Task 01:

In the sidebar, hover your cursor over the Create (plus sign) icon and click Dashboard.
Click Add a new panel.
In the Query editor below the graph, enter the query from earlier and then press Shift + Enter:

sum(rate(tns_request_duration_seconds_count[5m])) by(route)

In the Legend field, enter {{route}} to rename the time series in the legend.
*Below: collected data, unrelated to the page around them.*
(* Let $R$ be a finite local commutative ring, $K\le R^\times$, $\mathcal C=\mathrm{Cyc}(K,R)$ and $\mathcal A=\mathcal A(K,R)$ its multiplication S-ring; let $u=0$, $v=1$. If the S-ring $\mathcal A$ is trivial, then the scheme $\mathcal C_{u,v}$ is trivial. In particular, in this case $\mathrm{Aut}(\mathcal C)=\Gamma(K,R)$.
   Context: All rings have an identity. A scheme on a finite set $V$ is a pair $(V,\mathcal R)$, $\mathcal R$ a partition of $V\times V$ into nonempty basis relations, closed under transposition, with the diagonal a union of basis relations and with the intersection numbers $|\{y:(x,y)\in R_1,(y,z)\in R_2\}|$ depending only on the basis relation containing $(x,z)$; relations are unions of basis relations. A scheme is trivial if every subset of $V\times V$ is a relation (all basis relations are singletons). $\mathrm{Aut}$ is the group of permutations fixing every basis relation; $\mathrm{Iso}$ the group of permutations permuting them. $[\mathcal C,\mathcal M]$ is the smallest scheme having all relations of $\mathcal C$ and of the set $\mathcal M$ as relations; $\mathcal C_w=[\mathcal C,\{(w,w)\}]$, $\mathcal C_{u,v}=[\mathcal C,\{(u,u)\},\{(v,v)\}]$. If $\Delta(U)$ is a relation, $\mathcal C_U$ is the scheme on $U$ with basis relations the nonempty $S\cap U^2$. For $\Gamma\le\mathrm{Iso}(\mathcal C)$, $\mathcal C^\Gamma$ is the scheme whose relations are the $\Gamma$-invariant relations of $\mathcal C$. $\mathrm{Cyc}(K,R)$ is the scheme on $R$ with basis relations $\{(x,y): y-x\in rK\}$, $r\in R$. With $u=0$, $\mathcal C'=((\mathcal C_u)_{R^\times})^{R^\times_{right}}$ where $R^\times_{right}=\{x\mapsto xa:a\in R^\times\}$; its basis relations are $\{(g,xg):g\in R^\times,x\in X\}$ for sets $X$ partitioning $R^\times$. The multiplication S-ring $\mathcal A(K,R)$ is the S-ring over $R^\times$ with these basic sets $X$; it is trivial if all basic sets are singletons. $\Gamma(K,R)$ is the group of permutations $x\mapsto ax+b$, $a\in K$, $b\in R$. *)

theory Defs
  imports Main
begin

definition is_ideal :: "'a::comm_ring_1 set \<Rightarrow> bool" where
  "is_ideal I \<longleftrightarrow> 0 \<in> I \<and> (\<forall>x\<in>I. \<forall>y\<in>I. x + y \<in> I) \<and> (\<forall>x\<in>I. \<forall>r. r * x \<in> I)"

definition maximal_ideal :: "'a::comm_ring_1 set \<Rightarrow> bool" where
  "maximal_ideal I \<longleftrightarrow> is_ideal I \<and> 1 \<notin> I \<and>
     (\<forall>J. is_ideal J \<and> 1 \<notin> J \<and> I \<subseteq> J \<longrightarrow> J = I)"

definition local_ring :: "'a::comm_ring_1 itself \<Rightarrow> bool" where
  "local_ring _ \<longleftrightarrow> (\<exists>!I::'a set. maximal_ideal I)"

definition ring_units :: "'a::comm_ring_1 set" where
  "ring_units = {x. x dvd 1}"

definition unit_subgroup :: "'a::comm_ring_1 set \<Rightarrow> bool" where
  "unit_subgroup K \<longleftrightarrow> K \<subseteq> ring_units \<and> 1 \<in> K \<and> (\<forall>x\<in>K. \<forall>y\<in>K. x * y \<in> K)
     \<and> (\<forall>x\<in>K. \<exists>y\<in>K. x * y = 1)"

text \<open>A scheme on V is given by its set of basis relations.\<close>
definition is_scheme :: "'a set \<Rightarrow> ('a \<times> 'a) set set \<Rightarrow> bool" where
  "is_scheme V S \<longleftrightarrow> finite V \<and>
     (\<forall>B\<in>S. B \<noteq> {} \<and> B \<subseteq> V \<times> V) \<and> \<Union>S = V \<times> V \<and>
     (\<forall>B1\<in>S. \<forall>B2\<in>S. B1 \<noteq> B2 \<longrightarrow> B1 \<inter> B2 = {}) \<and>
     (\<forall>B\<in>S. converse B \<in> S) \<and>
     (\<exists>T\<subseteq>S. \<Union>T = Id_on V) \<and>
     (\<forall>B1\<in>S. \<forall>B2\<in>S. \<forall>B\<in>S. \<forall>x z x' z'. (x, z) \<in> B \<longrightarrow> (x', z') \<in> B \<longrightarrow>
        card {y\<in>V. (x, y) \<in> B1 \<and> (y, z) \<in> B2} = card {y\<in>V. (x', y) \<in> B1 \<and> (y, z') \<in> B2})"

definition is_rel :: "('a \<times> 'a) set set \<Rightarrow> ('a \<times> 'a) set \<Rightarrow> bool" where
  "is_rel S X \<longleftrightarrow> (\<exists>T\<subseteq>S. X = \<Union>T)"

definition trivial_scheme :: "('a \<times> 'a) set set \<Rightarrow> bool" where
  "trivial_scheme S \<longleftrightarrow> (\<forall>B\<in>S. \<exists>p. B = {p})"

definition is_coherent_closure ::
    "'a set \<Rightarrow> ('a \<times> 'a) set set \<Rightarrow> ('a \<times> 'a) set set \<Rightarrow> ('a \<times> 'a) set set \<Rightarrow> bool" where
  "is_coherent_closure V C M S \<longleftrightarrow>
     is_scheme V S \<and> (\<forall>X. is_rel C X \<longrightarrow> is_rel S X) \<and> (\<forall>X\<in>M. is_rel S X) \<and>
     (\<forall>S'. is_scheme V S' \<and> (\<forall>X. is_rel C X \<longrightarrow> is_rel S' X) \<and> (\<forall>X\<in>M. is_rel S' X)
        \<longrightarrow> (\<forall>X. is_rel S X \<longrightarrow> is_rel S' X))"

definition coherent_closure ::
    "'a set \<Rightarrow> ('a \<times> 'a) set set \<Rightarrow> ('a \<times> 'a) set set \<Rightarrow> ('a \<times> 'a) set set" where
  "coherent_closure V C M = (THE S. is_coherent_closure V C M S)"

definition restrict_scheme :: "('a \<times> 'a) set set \<Rightarrow> 'a set \<Rightarrow> ('a \<times> 'a) set set" where
  "restrict_scheme S U = {B \<inter> (U \<times> U) | B. B \<in> S \<and> B \<inter> (U \<times> U) \<noteq> {}}"

definition pair_image :: "('a \<Rightarrow> 'a) \<Rightarrow> ('a \<times> 'a) set \<Rightarrow> ('a \<times> 'a) set" where
  "pair_image f X = (\<lambda>(x, y). (f x, f y)) ` X"

text \<open>C^G: scheme whose relations are the G-invariant relations of C; its basis relations
  are the minimal nonempty G-invariant relations of C.\<close>
definition invariant_scheme :: "('a \<times> 'a) set set \<Rightarrow> ('a \<Rightarrow> 'a) set \<Rightarrow> ('a \<times> 'a) set set" where
  "invariant_scheme S G = {X. is_rel S X \<and> X \<noteq> {} \<and> (\<forall>g\<in>G. pair_image g X = X) \<and>
      (\<forall>Y. is_rel S Y \<and> Y \<noteq> {} \<and> Y \<subseteq> X \<and> (\<forall>g\<in>G. pair_image g Y = Y) \<longrightarrow> Y = X)}"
The graph legend updates when you click outside the field.
In the Panel editor on the right, under Settings, change the panel title to “Traffic”.
Click Apply in the top-right corner to save the panel and return to the dashboard view.
Click the Save dashboard (disk) icon at the top of the dashboard to save your dashboard.
Enter a name in the Dashboard name field and then click Save.

Here’s a clear breakdown of Task 01 to guide you through building your first Grafana dashboard panel using the provided query:

✅ Task 01: Create a Traffic Panel in Grafana

1. Create a New Dashboard

On the left sidebar, hover over the Create icon (➕).
Click Dashboard.

2. Add a New Panel

Click Add a new panel in the center.

3. Enter the Query

In the Query editor (below the graph area):

Paste this query:

  sum(rate(tns_request_duration_seconds_count[5m])) by(route)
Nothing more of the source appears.